====== TASK DATA

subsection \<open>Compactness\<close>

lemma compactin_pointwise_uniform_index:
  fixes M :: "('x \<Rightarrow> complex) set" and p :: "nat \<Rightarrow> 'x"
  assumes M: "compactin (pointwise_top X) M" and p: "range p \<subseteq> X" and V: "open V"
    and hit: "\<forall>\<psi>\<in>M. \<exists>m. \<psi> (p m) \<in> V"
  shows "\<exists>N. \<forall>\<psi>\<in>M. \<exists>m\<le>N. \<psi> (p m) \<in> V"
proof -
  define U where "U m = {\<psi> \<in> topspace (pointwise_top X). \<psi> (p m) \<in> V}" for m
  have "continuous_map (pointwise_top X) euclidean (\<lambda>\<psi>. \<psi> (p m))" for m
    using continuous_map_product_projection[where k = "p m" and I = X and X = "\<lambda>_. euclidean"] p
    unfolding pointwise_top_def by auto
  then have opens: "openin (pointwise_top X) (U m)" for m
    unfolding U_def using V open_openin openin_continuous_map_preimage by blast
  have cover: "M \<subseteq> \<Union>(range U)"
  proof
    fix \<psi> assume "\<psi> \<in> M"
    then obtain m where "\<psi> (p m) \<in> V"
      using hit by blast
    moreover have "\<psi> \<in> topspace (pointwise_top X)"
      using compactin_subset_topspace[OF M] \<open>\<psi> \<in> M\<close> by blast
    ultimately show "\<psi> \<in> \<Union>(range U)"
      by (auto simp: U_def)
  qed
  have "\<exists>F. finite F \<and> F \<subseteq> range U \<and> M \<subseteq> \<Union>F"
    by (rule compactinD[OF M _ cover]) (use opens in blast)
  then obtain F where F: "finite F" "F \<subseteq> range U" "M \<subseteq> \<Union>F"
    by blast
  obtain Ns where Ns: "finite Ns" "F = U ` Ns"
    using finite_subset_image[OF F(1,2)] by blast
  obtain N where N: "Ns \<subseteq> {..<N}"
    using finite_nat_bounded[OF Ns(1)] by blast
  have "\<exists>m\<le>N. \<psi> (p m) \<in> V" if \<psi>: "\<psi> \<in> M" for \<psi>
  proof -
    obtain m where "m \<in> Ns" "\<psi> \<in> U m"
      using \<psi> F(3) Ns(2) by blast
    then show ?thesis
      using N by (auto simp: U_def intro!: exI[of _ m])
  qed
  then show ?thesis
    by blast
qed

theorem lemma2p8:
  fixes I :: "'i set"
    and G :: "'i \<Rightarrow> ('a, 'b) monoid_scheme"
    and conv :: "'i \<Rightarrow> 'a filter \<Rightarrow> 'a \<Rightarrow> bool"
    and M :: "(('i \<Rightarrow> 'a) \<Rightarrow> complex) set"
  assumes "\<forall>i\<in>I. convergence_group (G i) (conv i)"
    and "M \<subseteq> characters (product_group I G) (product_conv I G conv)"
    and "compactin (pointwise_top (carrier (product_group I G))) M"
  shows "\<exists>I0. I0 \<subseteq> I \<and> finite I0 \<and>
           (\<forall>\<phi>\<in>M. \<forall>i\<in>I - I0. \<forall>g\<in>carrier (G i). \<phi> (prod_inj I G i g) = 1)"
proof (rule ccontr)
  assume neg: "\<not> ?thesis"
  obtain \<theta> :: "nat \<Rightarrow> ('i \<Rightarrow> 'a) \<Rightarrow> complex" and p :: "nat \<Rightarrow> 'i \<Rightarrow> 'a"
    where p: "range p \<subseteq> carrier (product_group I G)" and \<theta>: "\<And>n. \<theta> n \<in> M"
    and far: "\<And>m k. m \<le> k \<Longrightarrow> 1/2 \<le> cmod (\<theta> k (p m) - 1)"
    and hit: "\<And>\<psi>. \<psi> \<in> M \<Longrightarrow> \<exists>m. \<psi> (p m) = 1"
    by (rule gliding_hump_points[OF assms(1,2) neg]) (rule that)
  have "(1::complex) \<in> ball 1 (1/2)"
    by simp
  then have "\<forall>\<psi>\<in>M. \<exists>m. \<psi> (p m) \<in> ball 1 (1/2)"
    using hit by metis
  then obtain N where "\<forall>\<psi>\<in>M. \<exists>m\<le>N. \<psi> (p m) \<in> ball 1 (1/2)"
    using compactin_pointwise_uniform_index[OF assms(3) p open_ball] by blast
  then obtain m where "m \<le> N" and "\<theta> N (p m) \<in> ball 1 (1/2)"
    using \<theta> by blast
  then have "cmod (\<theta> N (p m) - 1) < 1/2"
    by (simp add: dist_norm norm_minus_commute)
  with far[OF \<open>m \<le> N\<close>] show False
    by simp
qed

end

============

### EXERCISE
All of the records above should be transcribed exactly.

### EXPECTED ANSWER
subsection \<open>Compactness\<close>

lemma compactin_pointwise_uniform_index:
  fixes M :: "('x \<Rightarrow> complex) set" and p :: "nat \<Rightarrow> 'x"
  assumes M: "compactin (pointwise_top X) M" and p: "range p \<subseteq> X" and V: "open V"
    and hit: "\<forall>\<psi>\<in>M. \<exists>m. \<psi> (p m) \<in> V"
  shows "\<exists>N. \<forall>\<psi>\<in>M. \<exists>m\<le>N. \<psi> (p m) \<in> V"
proof -
  define U where "U m = {\<psi> \<in> topspace (pointwise_top X). \<psi> (p m) \<in> V}" for m
  have "continuous_map (pointwise_top X) euclidean (\<lambda>\<psi>. \<psi> (p m))" for m
    using continuous_map_product_projection[where k = "p m" and I = X and X = "\<lambda>_. euclidean"] p
    unfolding pointwise_top_def by auto
  then have opens: "openin (pointwise_top X) (U m)" for m
    unfolding U_def using V open_openin openin_continuous_map_preimage by blast
  have cover: "M \<subseteq> \<Union>(range U)"
  proof
    fix \<psi> assume "\<psi> \<in> M"
    then obtain m where "\<psi> (p m) \<in> V"
      using hit by blast
    moreover have "\<psi> \<in> topspace (pointwise_top X)"
      using compactin_subset_topspace[OF M] \<open>\<psi> \<in> M\<close> by blast
    ultimately show "\<psi> \<in> \<Union>(range U)"
      by (auto simp: U_def)
  qed
  have "\<exists>F. finite F \<and> F \<subseteq> range U \<and> M \<subseteq> \<Union>F"
    by (rule compactinD[OF M _ cover]) (use opens in blast)
  then obtain F where F: "finite F" "F \<subseteq> range U" "M \<subseteq> \<Union>F"
    by blast
  obtain Ns where Ns: "finite Ns" "F = U ` Ns"
    using finite_subset_image[OF F(1,2)] by blast
  obtain N where N: "Ns \<subseteq> {..<N}"
    using finite_nat_bounded[OF Ns(1)] by blast
  have "\<exists>m\<le>N. \<psi> (p m) \<in> V" if \<psi>: "\<psi> \<in> M" for \<psi>
  proof -
    obtain m where "m \<in> Ns" "\<psi> \<in> U m"
      using \<psi> F(3) Ns(2) by blast
    then show ?thesis
      using N by (auto simp: U_def intro!: exI[of _ m])
  qed
  then show ?thesis
    by blast
qed

theorem lemma2p8:
  fixes I :: "'i set"
    and G :: "'i \<Rightarrow> ('a, 'b) monoid_scheme"
    and conv :: "'i \<Rightarrow> 'a filter \<Rightarrow> 'a \<Rightarrow> bool"
    and M :: "(('i \<Rightarrow> 'a) \<Rightarrow> complex) set"
  assumes "\<forall>i\<in>I. convergence_group (G i) (conv i)"
    and "M \<subseteq> characters (product_group I G) (product_conv I G conv)"
    and "compactin (pointwise_top (carrier (product_group I G))) M"
  shows "\<exists>I0. I0 \<subseteq> I \<and> finite I0 \<and>
           (\<forall>\<phi>\<in>M. \<forall>i\<in>I - I0. \<forall>g\<in>carrier (G i). \<phi> (prod_inj I G i g) = 1)"
proof (rule ccontr)
  assume neg: "\<not> ?thesis"
  obtain \<theta> :: "nat \<Rightarrow> ('i \<Rightarrow> 'a) \<Rightarrow> complex" and p :: "nat \<Rightarrow> 'i \<Rightarrow> 'a"
    where p: "range p \<subseteq> carrier (product_group I G)" and \<theta>: "\<And>n. \<theta> n \<in> M"
    and far: "\<And>m k. m \<le> k \<Longrightarrow> 1/2 \<le> cmod (\<theta> k (p m) - 1)"
    and hit: "\<And>\<psi>. \<psi> \<in> M \<Longrightarrow> \<exists>m. \<psi> (p m) = 1"
    by (rule gliding_hump_points[OF assms(1,2) neg]) (rule that)
  have "(1::complex) \<in> ball 1 (1/2)"
    by simp
  then have "\<forall>\<psi>\<in>M. \<exists>m. \<psi> (p m) \<in> ball 1 (1/2)"
    using hit by metis
  then obtain N where "\<forall>\<psi>\<in>M. \<exists>m\<le>N. \<psi> (p m) \<in> ball 1 (1/2)"
    using compactin_pointwise_uniform_index[OF assms(3) p open_ball] by blast
  then obtain m where "m \<le> N" and "\<theta> N (p m) \<in> ball 1 (1/2)"
    using \<theta> by blast
  then have "cmod (\<theta> N (p m) - 1) < 1/2"
    by (simp add: dist_norm norm_minus_commute)
  with far[OF \<open>m \<le> N\<close>] show False
    by simp
qed

end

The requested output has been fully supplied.